*Task directions*.
If a line in the entries below includes "finally", show that line.

Records for the task below:

lemma frob_Tmat_Tmat_1_0:
  assumes "2 \<le> N" "1 \<le> l" "l \<le> N - 1"
  shows "frob (Tmat N l m) (Tmat N 1 0) = (if l = 1 \<and> m = 0 then 1 else 0)"
proof -
  consider "m \<noteq> 0" | "m = 0" "l = 1" | "m = 0" "2 \<le> l"
    using assms by linarith
  then show ?thesis
  proof cases
    case 1
    then have "Tmat N l m $$ (i, i) = 0" if "i < N" for i
      using Tmat_support[of i N i l m] that by auto
    then show ?thesis
      unfolding Tmat_1_0_eq_diagm[OF assms(1)] frob_diagm[OF Tmat_carrier] using 1 by simp
  next
    case 2
    then show ?thesis
      using frob_Tmat_1_0_Tmat_1_0[OF assms(1)] by simp
  next
    case 3
    define n where "n = N - 1"
    have range: "{..<N} = {..n}"
      using assms unfolding n_def by (simp add: lessThan_Suc_atMost[symmetric])
    have "frob (Tmat N l 0) (Tmat N 1 0)
        = (\<Sum>i\<le>n. complex_of_real (Tmat_diag_coeff N l * real_of_int (racah_poly n l i)
                                        * (Tmat_1_0_scale N * (2 * real i - real n))))"
      unfolding Tmat_1_0_eq_diagm[OF assms(1)] frob_diagm[OF Tmat_carrier] range
      using assms by (intro sum.cong) (auto simp: Tmat_diag n_def)
    also have "\<dots> = complex_of_real (Tmat_diag_coeff N l * Tmat_1_0_scale N
        * real_of_int (\<Sum>i\<le>n. racah_poly n l i * (2 * int i - int n)))"
      by (simp add: sum_distrib_left mult_ac)
    finally show ?thesis
      using 3 racah_poly_orthogonal_linear by simp
  qed
qed

lemma lapinv_carrier [simp]: "lapinv N X \<in> carrier_mat N N"
  and dim_row_lapinv [simp]: "dim_row (lapinv N X) = N"
  and dim_col_lapinv [simp]: "dim_col (lapinv N X) = N"
  unfolding lapinv_def by simp_all

lemma lapinv_minus:
  assumes "X \<in> carrier_mat N N" "Y \<in> carrier_mat N N"
  shows "lapinv N (X - Y) = lapinv N X - lapinv N Y"
  by (rule eq_matI) (use assms in \<open>auto simp: lapinv_def frob_minus_right[of _ N]
      sum_subtractf[symmetric] algebra_simps\<close>)

lemma lapinv_smult:
  assumes "X \<in> carrier_mat N N"
  shows "lapinv N (a \<cdot>\<^sub>m X) = a \<cdot>\<^sub>m lapinv N X"
  by (rule eq_matI)
    (use assms in \<open>auto simp: lapinv_def frob_smult_right[of _ N] sum_distrib_left mult_ac\<close>)

lemma lapinv_Tmat_1_0:
  assumes "2 \<le> N"
  shows "lapinv N (Tmat N 1 0) = (- 1/2) \<cdot>\<^sub>m Tmat N 1 0"
proof (rule eq_matI)
  fix i j assume "i < dim_row ((- 1/2) \<cdot>\<^sub>m Tmat N 1 0)" "j < dim_col ((- 1/2) \<cdot>\<^sub>m Tmat N 1 0)"
  then have ij: "i < N" "j < N"
    by simp_all
  have "lapinv N (Tmat N 1 0) $$ (i, j) = (\<Sum>l\<in>{1..N-1}. \<Sum>m\<in>{-int l..int l}.
      if l = 1 then (if m = 0 then - 1/2 * Tmat N 1 0 $$ (i, j) else 0) else 0)"
    unfolding lapinv_def index_mat(1)[OF ij] prod.case
    using assms by (intro sum.cong refl) (auto simp: frob_Tmat_Tmat_1_0[simplified])
  also have "\<dots> = - 1/2 * Tmat N 1 0 $$ (i, j)"
    using assms by (simp add: sum.If_cases)
  finally show "lapinv N (Tmat N 1 0) $$ (i, j) = ((- 1/2) \<cdot>\<^sub>m Tmat N 1 0) $$ (i, j)"
    using ij by simp
qed auto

End of Records for the task.

*Task solution*.
    finally show ?thesis
  finally show "lapinv N (Tmat N 1 0) $$ (i, j) = ((- 1/2) \<cdot>\<^sub>m Tmat N 1 0) $$ (i, j)"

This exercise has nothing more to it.